At the time of the Merger, Regency and ETP were both controlled by Energy

Transfer Equity, L.P. (“ETE”).

Before trial, the court granted plaintiff’s motion for partial summary judgment

that the transaction failed to satisfy two safe harbors in Regency’s partnership

agreement that, if either had applied, would have precluded judicial review of the

Merger. The failure to satisfy both safe harbors stemmed from the same problem—

the appointment of Richard Brannon to a conflicts committee of Regency’s board

while he was serving on the board of another entity controlled by ETE, Sunoco LP.

That appointment violated a bright-line prohibition in Regency’s partnership

agreement delineating the qualifications to serve on the conflicts committee.
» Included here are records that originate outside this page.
(* Let $G$ be a countable group and $\nu$ a probability measure of full support on $G$; let $(z_1,z_2,\ldots)$, $z_n = x_1\cdots x_n$, denote a trajectory of the $\nu$-random walk. Let $W_i, W'_i\subseteq G$, $i\in\mathbb N$, be subsets with $W'_i\subseteq W_i$ for all $i$ and $W_i\cap W_j=\varnothing$ for $i\neq j$. For $g\in G$ let $\mathrm{rank}(g)=i$ if $g\in W_i$ and $\mathrm{rank}(g)=0$ if $g\notin\bigcup_i W_i$. Let $p:\bigcup_{i}W_i\to G$ be a function. Assume: (1) $\mathrm{rank}(p(g))<\mathrm{rank}(g)$ for every $g\in\bigcup_i W_i$; (2) for every $h\in G$ there is $N$ such that for all $i>N$ we have $hW'_i\subseteq W_i$ and $p(hw)=h\,p(w)$ for all $w\in W'_i$; (3) for almost every trajectory $(z_1,z_2,\ldots)$ there is $i_0$ such that for every $i>i_0$ there is $j$ with $z_i\in W'_j$; (4) for almost every trajectory there is $i_0$ such that for all $i>i_0$, either $p(z_{i+1})=p(z_i)$ or $p(z_{i+1})=z_i$; (5) for almost every trajectory the sequence $(\mathrm{rank}(z_i))_i$ is unbounded. Then the Poisson–Furstenberg boundary $\partial(G,\nu)$ is non-trivial, and moreover the action of $G$ on $\partial(G,\nu)$ is essentially free.
   Context: The Poisson–Furstenberg boundary $\partial(G,\nu)$ is the space of ergodic components of the time shift on the space $G^{\mathbb N}$ of trajectories of the $\nu$-random walk (for non-degenerate $\nu$ equivalently the tail boundary), with $G$ acting by left multiplication on trajectories. Essentially free means that for each $h\neq 1$, almost every boundary point is not fixed by $h$. *)

theory Defs
  imports "HOL-Probability.Probability"
begin

text \<open>The group G is a type of class group_add (not necessarily commutative;
  the group operation is written +, the identity 0, inverses -) that is countable.\<close>

text \<open>Position of the random walk: rw_pos x n = x 0 + x 1 + ... + x n,
  i.e. rw_pos x (n-1) is z_n = x_1 ... x_n of the paper (0-based indexing).\<close>
fun rw_pos :: "(nat \<Rightarrow> 'g::group_add) \<Rightarrow> nat \<Rightarrow> 'g" where
  "rw_pos x 0 = x 0"
| "rw_pos x (Suc n) = rw_pos x n + x (Suc n)"
lemma improving_seq_length_le:
  assumes "improving_seq Tours k w ts" "Tours \<subseteq> Pow E" "finite E"
  shows "length ts \<le> 2 ^ card E"
proof -
  have "distinct ts"
    unfolding distinct_conv_nth
  proof (intro allI impI)
    fix i j assume "i < length ts" "j < length ts" "i \<noteq> j"
    then show "ts ! i \<noteq> ts ! j"
      using improving_seq_cost_less[OF assms(1), of i j] improving_seq_cost_less[OF assms(1), of j i]
      by (cases "i < j") auto
  qed
  then have "length ts = card (set ts)" by (simp add: distinct_card)
  also have "\<dots> \<le> card (Pow E)"
    using assms unfolding improving_seq_def by (intro card_mono) auto
  finally show ?thesis using assms(3) by (simp add: card_Pow)
qed

text \<open>The gains of the steps telescope to at most c, so they cannot all exceed c / t.\<close>
lemma improving_seq_small_step:
  assumes seq: "improving_seq Tours k w ts"
    and cost: "\<forall>T\<in>Tours. 0 \<le> tour_cost w T \<and> tour_cost w T \<le> c"
    and t: "1 \<le> t" "t \<le> length ts - 1"
  shows "\<exists>i. Suc i < length ts \<and> tour_cost w (ts ! i) - tour_cost w (ts ! Suc i) \<le> c / real t"
proof (rule ccontr)
  define L where "L = length ts - 1"
  assume "\<not> ?thesis"
  then have big: "c / real t < tour_cost w (ts ! i) - tour_cost w (ts ! Suc i)" if "i < L" for i
    using that by (auto simp: L_def not_le)
  have L: "1 \<le> L" "real t \<le> real L" using t by (auto simp: L_def)
  have ends: "ts ! 0 \<in> Tours" "ts ! L \<in> Tours"
    using seq L unfolding improving_seq_def L_def by (auto intro!: nth_mem)
  have "real L * (c / real t) = (\<Sum>i<L. c / real t)" by simp
  also have "\<dots> < (\<Sum>i<L. tour_cost w (ts ! i) - tour_cost w (ts ! Suc i))"
    using L big by (intro sum_strict_mono) (auto simp: lessThan_empty_iff)
  also have "\<dots> = tour_cost w (ts ! 0) - tour_cost w (ts ! L)"
    by (rule sum_lessThan_telescope')
  also have "\<dots> \<le> c"
    using cost ends by (meson diff_le_eq add_increasing2)
  finally have "real L * (c / real t) < c" .
  moreover have "c \<le> real L * (c / real t)"
  proof -
    have "0 \<le> c" using cost ends(1) by (meson order_trans)
    with L(2) have "c * real t \<le> c * real L" by (rule mult_left_mono)
    then show ?thesis using t by (simp add: field_simps)
  qed
  ultimately show False by simp
qed

lemma tour_cost_unit_weights:
  assumes "finite E" "T \<subseteq> E" "\<forall>e\<in>E. 0 \<le> w e \<and> w e \<le> 1"
  shows "0 \<le> tour_cost w T" "tour_cost w T \<le> real (card E)"
proof -
  show "0 \<le> tour_cost w T" unfolding tour_cost_def using assms by (intro sum_nonneg) auto
  have "tour_cost w T \<le> real (card T) * 1"
    unfolding tour_cost_def using assms by (intro sum_bounded_above) auto
  also have "\<dots> \<le> real (card E)" using assms by (simp add: card_mono)
  finally show "tour_cost w T \<le> real (card E)" .
qed
definition cart_edges ::
  "'a set \<Rightarrow> 'a set set \<Rightarrow> 'b set \<Rightarrow> 'b set set \<Rightarrow> ('a \<times> 'b) set set" where
  "cart_edges V1 E1 V2 E2 =
     {{(g, h1), (g, h2)} | g h1 h2. g \<in> V1 \<and> {h1, h2} \<in> E2} \<union>
     {{(g1, h), (g2, h)} | g1 g2 h. h \<in> V2 \<and> {g1, g2} \<in> E1}"

definition proper_edge_coloring :: "'a set set \<Rightarrow> ('a set \<Rightarrow> real) \<Rightarrow> bool" where
  "proper_edge_coloring E c \<longleftrightarrow>
     (\<forall>e\<in>E. \<forall>f\<in>E. e \<noteq> f \<and> e \<inter> f \<noteq> {} \<longrightarrow> c e \<noteq> c f)"

definition W :: "'a set \<Rightarrow> 'a set set \<Rightarrow> ('a set \<Rightarrow> real) \<Rightarrow> int \<Rightarrow> ('a set \<Rightarrow> real) set" where
  "W V E c r =
    (if r \<le> 0 then {0} else
     {\<phi>. (\<forall>e. e \<notin> E \<longrightarrow> \<phi> e = 0) \<and>
          (\<exists>P :: 'a \<Rightarrow> real poly.
             (\<forall>v\<in>V. int (degree (P v)) \<le> r - 1) \<and>
             (\<forall>u v. {u, v} \<in> E \<longrightarrow>
                 poly (P u) (c {u, v}) = \<phi> {u, v} \<and> poly (P v) (c {u, v}) = \<phi> {u, v}))})"

definition fdim :: "('b \<Rightarrow> real) set \<Rightarrow> nat" where
  "fdim S = vector_space.dim (\<lambda>(a::real) f x. a * f x) S"

end

theory Submission
  imports Defs
begin

(*
  Colour the copy of K_n at a vertex g of G by giving {(g,i),(g,j)} the colour M + i + j,
  with M above every colour of c, and let every copy of G keep the colouring c.
  Polynomials P realising some \<phi> in W_c(G, r - t) lift to (g,h) \<mapsto> P_g(x) (h (x - M - h))^t,
  of degree < r. At an edge of a copy of K_n both endpoints evaluate h (x - M - h) to i j,
  so the lift is consistent there, and on the h-th copy of G the lifted function is \<phi> scaled
  by (h (c(e) - M - h))^t. These scale factors are pairwise distinct in h, so a Vandermonde
  argument across the n copies of G shows that the lifts of bases of W_c(G, r - t), t < n,
  are jointly linearly independent in the W-space of the product.
*)

global_interpretation real_fun: vector_space "\<lambda>(a::real) (f::'x \<Rightarrow> real) x. a * f x"
  by unfold_locales (auto simp: fun_eq_iff algebra_simps)

lemma fdim_eq_dim: "fdim S = real_fun.dim S"
  by (simp add: fdim_def)

lemma sum_apply: "(\<Sum>i\<in>A. f i) x = (\<Sum>i\<in>A. f i x)"
  by (induct A rule: infinite_finite_induct) auto

lemma (in vector_space) basis_finite_if_subset_span_finite:
  assumes "S \<subseteq> span T" "finite T"
  obtains B where "finite B" "B \<subseteq> S" "independent B" "S \<subseteq> span B" "card B = dim S"
proof -
  obtain B where B: "B \<subseteq> S" "independent B" "S \<subseteq> span B" "card B = dim S"
    using basis_exists by blast
  have "finite B"
    using independent_span_bound[OF assms(2) B(2)] B(1) assms(1) by blast
  with B that show ?thesis by blast
qed

lemma (in vector_space) independent_card_le_dim_if_subset_span_finite:
  assumes "S \<subseteq> span T" "finite T" "I \<subseteq> S" "independent I"
  shows "card I \<le> dim S"
proof -
  obtain B where "finite B" "S \<subseteq> span B" "card B = dim S"
    using basis_finite_if_subset_span_finite[OF assms(1,2)] by metis
  then show ?thesis
    using independent_span_bound[of B I] assms(3,4) by auto
qed

lemma finite_support_subset_span:
  fixes S :: "('x \<Rightarrow> real) set"
  assumes "finite F" "\<And>f x. f \<in> S \<Longrightarrow> x \<notin> F \<Longrightarrow> f x = 0"
  shows "S \<subseteq> real_fun.span ((\<lambda>y x. if x = y then 1 else 0) ` F)"
proof
  fix f assume f: "f \<in> S"
  have "f = (\<Sum>y\<in>F. (\<lambda>x. f y * (if x = y then 1 else 0)))"
    using assms f by (auto simp: fun_eq_iff sum_apply if_distrib cong: if_cong)
  also have "\<dots> \<in> real_fun.span ((\<lambda>y x. if x = y then 1 else 0) ` F)"
    by (intro real_fun.span_sum real_fun.span_scale[where c = "f _", simplified]
        real_fun.span_base) auto
  finally show "f \<in> real_fun.span ((\<lambda>y x. if x = y then 1 else 0) ` F)" .
qed

lemma independent_image_if_scalars_zero:
  fixes f :: "'i \<Rightarrow> 'x \<Rightarrow> real"
  assumes "finite I"
    and scalars_zero: "\<And>a. (\<Sum>i\<in>I. (\<lambda>x. a i * f i x)) = 0 \<Longrightarrow> \<forall>i\<in>I. a i = 0"
  shows "real_fun.independent (f ` I) \<and> inj_on f I"
proof
  show inj: "inj_on f I"
  proof (rule inj_onI, rule ccontr)
    fix i j assume ij: "i \<in> I" "j \<in> I" "f i = f j" "i \<noteq> j"
    define a where "a k = (if k = i then 1 else if k = j then -1 else (0::real))" for k
    have "(\<Sum>k\<in>I. (\<lambda>x. a k * f k x)) = (\<Sum>k\<in>{i,j}. (\<lambda>x. a k * f k x))"
      by (rule sum.mono_neutral_right) (use assms(1) ij in \<open>auto simp: a_def\<close>)
    also have "\<dots> = 0" using ij by (auto simp: a_def fun_eq_iff)
    finally have "a i = 0" using scalars_zero ij by blast
    then show False by (simp add: a_def)
  qed
  show "real_fun.independent (f ` I)"
  proof (rule real_fun.independent_if_scalars_zero)
    show "finite (f ` I)" using assms(1) by simp
    fix u v assume sum: "(\<Sum>v\<in>f ` I. (\<lambda>x. u v * v x)) = 0" and v: "v \<in> f ` I"
    have "(\<Sum>i\<in>I. (\<lambda>x. u (f i) * f i x)) = 0"
      using sum by (simp add: sum.reindex[OF inj])
    then have "\<forall>i\<in>I. u (f i) = 0" by (rule scalars_zero)
    then show "u v = 0" using v by blast
  qed
qed

lemma vandermonde_coeffs_zero:
  fixes d y :: "nat \<Rightarrow> real"
  assumes "inj_on y {..<n}" "\<And>h. h < n \<Longrightarrow> (\<Sum>s<n. d s * y h ^ s) = 0" "t < n"
  shows "d t = 0"
proof -
  define p where "p = (\<Sum>s<n. monom (d s) s)"
  have "degree p \<le> n - 1" unfolding p_def
    by (rule degree_sum_le) (auto intro: order.trans[OF degree_monom_le])
  then have deg: "degree p < card (y ` {..<n})"
    using assms(1,3) by (simp add: card_image)
  have "p = 0"
    by (rule poly_eqI_degree[OF _ deg])
      (use assms(2) deg in \<open>auto simp: p_def poly_sum poly_monom\<close>)
  then have "coeff p t = 0" by simp
  then show ?thesis using assms(3) by (simp add: p_def coeff_sum)
qed

lemma simple_graph_edgeE:
  assumes "simple_graph V E" "e \<in> E"
  obtains u v where "e = {u, v}" "u \<noteq> v" "u \<in> V" "v \<in> V"
  using assms unfolding simple_graph_def by blast

lemma simple_graph_edgeD:
  assumes "simple_graph V E" "{a, b} \<in> E"
  shows "a \<noteq> b" "a \<in> V" "b \<in> V"
  using assms by (auto elim!: simple_graph_edgeE simp: doubleton_eq_iff)

lemma finite_edges:
  assumes "simple_graph V E"
  shows "finite E"
proof (rule finite_subset)
  show "E \<subseteq> Pow V" using assms by (auto elim: simple_graph_edgeE)
  show "finite (Pow V)" using assms by (simp add: simple_graph_def)
qed
(* Let $G$ be a connected graph and $r\in\mathbb{N}$. For every covering $p:C\to G$ that preserves $(r/2)$-balls there is a covering $q:G_r\to C$ such that $p_r=p\circ q$, and all such coverings $q$ are equivalent.
   Context: Graphs may have loops and parallel edges and are viewed as 1-complexes; coverings have connected covering spaces. A cycle may be a loop or a pair of parallel edges; a closed walk once around a cycle $O$ traverses every edge of $O$ exactly once. $\pi_1^r(G,x_0)$ is the subgroup of $\pi_1(G,x_0)$ generated by the classes of closed walks $W_0QW_0^-$, $W_0$ a walk from $x_0$ to a vertex $y$, $Q$ a closed walk at $y$ once around a cycle of length at most $r$, $W_0^-$ the reverse of $W_0$. The $r$-local covering $p_r:G_r\to G$ is the connected normal covering with characteristic subgroup $\pi_1^r(G,x_0)$. For a vertex $v$ of a graph $X$, $B_X(v,r/2)$ is the subgraph formed by the vertices at distance at most $r/2$ from $v$ and the edges $xy$ with $d_X(v,x)+1+d_X(y,v)\le r$. A covering $p:C\to G$ preserves $(r/2)$-balls if for every vertex $v$ of $G$ and every lift $\hat v$, $p$ maps $B_C(\hat v,r/2)$ isomorphically onto $B_G(v,r/2)$. Two coverings $q:X\to Y$, $q':X'\to Y$ are equivalent if there is a homeomorphism $h:X\to X'$ with $q'\circ h=q$. *)

theory Defs
  imports Main
begin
Had

Brannon resigned from the Sunoco board before joining Regency’s conflicts

committee, which was the plan, the prohibition would not have been violated. But

implementation of the plan was badly mishandled.

At trial, plaintiff contended that the general partner breached an express

provision of the partnership agreement requiring that the Merger be fair and

1 reasonable to the partnership and breached the implied covenant of good faith and

fair dealing inherent in the partnership agreement. The latter claim focused mostly

on Brannon’s appointment to the conflicts committee. Relying on an expert who

compared (i) the value of Regency’s units based on a discounted cash flow analysis

using a dividend discount model (“DDM”) to (ii) the value of the Merger

consideration (0.4124 of an ETP unit for each Regency unit) using ETP’s closing

stock price, plaintiff sought over $1.6 billion in damages.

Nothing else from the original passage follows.